Bahrain Court Releases Minor on Trial for Protest
إقرأ هذا الخبر بالعربيةA Bahraini juvenile court released on Monday a Shiite minor who is on trial for disturbing security by blocking a road outside the capital, lawyers said.
The court ordered police to handover Ali Hasan, 11, to his parents, and adjourned the trial to June 20, a lawyer said, asking not to be named.
Hasan was released "to allow time to review a report on him prepared by a social worker," the lawyer added.
Hasan, according to the list of charges against him, is accused of "taking part in a public assembly aimed at disturbing security."
Bahrain's chief prosecutor for juveniles, Noura al-Khalifa, said in a statement on Sunday that Hasan was arrested on May 14 while blocking a street outside Manama with garbage containers and wood planks.

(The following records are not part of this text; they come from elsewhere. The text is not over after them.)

(* Let $p\ge1$ and let $\mathcal A=(A_n)_{n\ge0}$ be a sequence of positive invertible $p\times p$ matrices with $\sup_n\|A_n\|<\infty$ such that the matrix-valued weighted shift $W_{\mathcal A}$ on $\ell^2(\mathbb C^p)$ is quadratically hyponormal. If $A_n=A_{n+1}$ for some $n\ge1$, then either $A_{n-1}=A_n=A_{n+1}$ or $A_n=A_{n+1}=A_{n+2}$.
   Context: $\ell^2(\mathbb C^p)=\{(x_n)_{n\ge0}: x_n\in\mathbb C^p,\ \sum_n\|x_n\|^2<\infty\}$; the matrix-valued weighted shift is $W_{\mathcal A}(x_0,x_1,\dots)=(0,A_0x_0,A_1x_1,\dots)$. A bounded operator $T$ is hyponormal if $T^*T-TT^*\ge0$, and quadratically hyponormal if $T+\lambda T^2$ is hyponormal for every $\lambda\in\mathbb C$. *)

theory Defs
  imports "HOL-Analysis.Analysis"
begin

text \<open>Vectors of C^p are modelled as complex^'p with 'p a finite type (p = CARD('p) >= 1),
  p x p matrices as complex^'p^'p. Elements of l2(C^p) are sequences nat => complex^'p
  with square-summable norms.\<close>

definition cinner :: "complex^'p::finite \<Rightarrow> complex^'p \<Rightarrow> complex" where
  "cinner v w = (\<Sum>i\<in>UNIV. v $ i * cnj (w $ i))"

definition cadj :: "complex^'p::finite^'p \<Rightarrow> complex^'p^'p" where
  "cadj A = (\<chi> i j. cnj (A $ j $ i))"

definition mat_positive :: "complex^'p::finite^'p \<Rightarrow> bool" where
  "mat_positive A \<longleftrightarrow> (\<forall>v. Im (cinner (A *v v) v) = 0 \<and> Re (cinner (A *v v) v) \<ge> 0)"

definition in_l2 :: "(nat \<Rightarrow> complex^'p::finite) \<Rightarrow> bool" where
  "in_l2 x \<longleftrightarrow> summable (\<lambda>n. (norm (x n))\<^sup>2)"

She said he pleaded guilty, admitting that he blocked the road repeatedly after police would clear the blockade, and that he was arrested on his third attempt to shut the road.
She claimed he confessed to have done that after a man accused of stirring trouble gave him and some of his friends three dinars ($8).
The interior ministry said Hasan was allowed to sit the final school exams in the juvenile detention center where he was held.
Tensions remain high in Bahrain where a month-long Shiite-led uprising was crushed in March 2011. Demonstrations have intensified in recent months as protesters sporadically clash with the police.
Amnesty International says 60 people have been killed since the protests first erupted in February last year.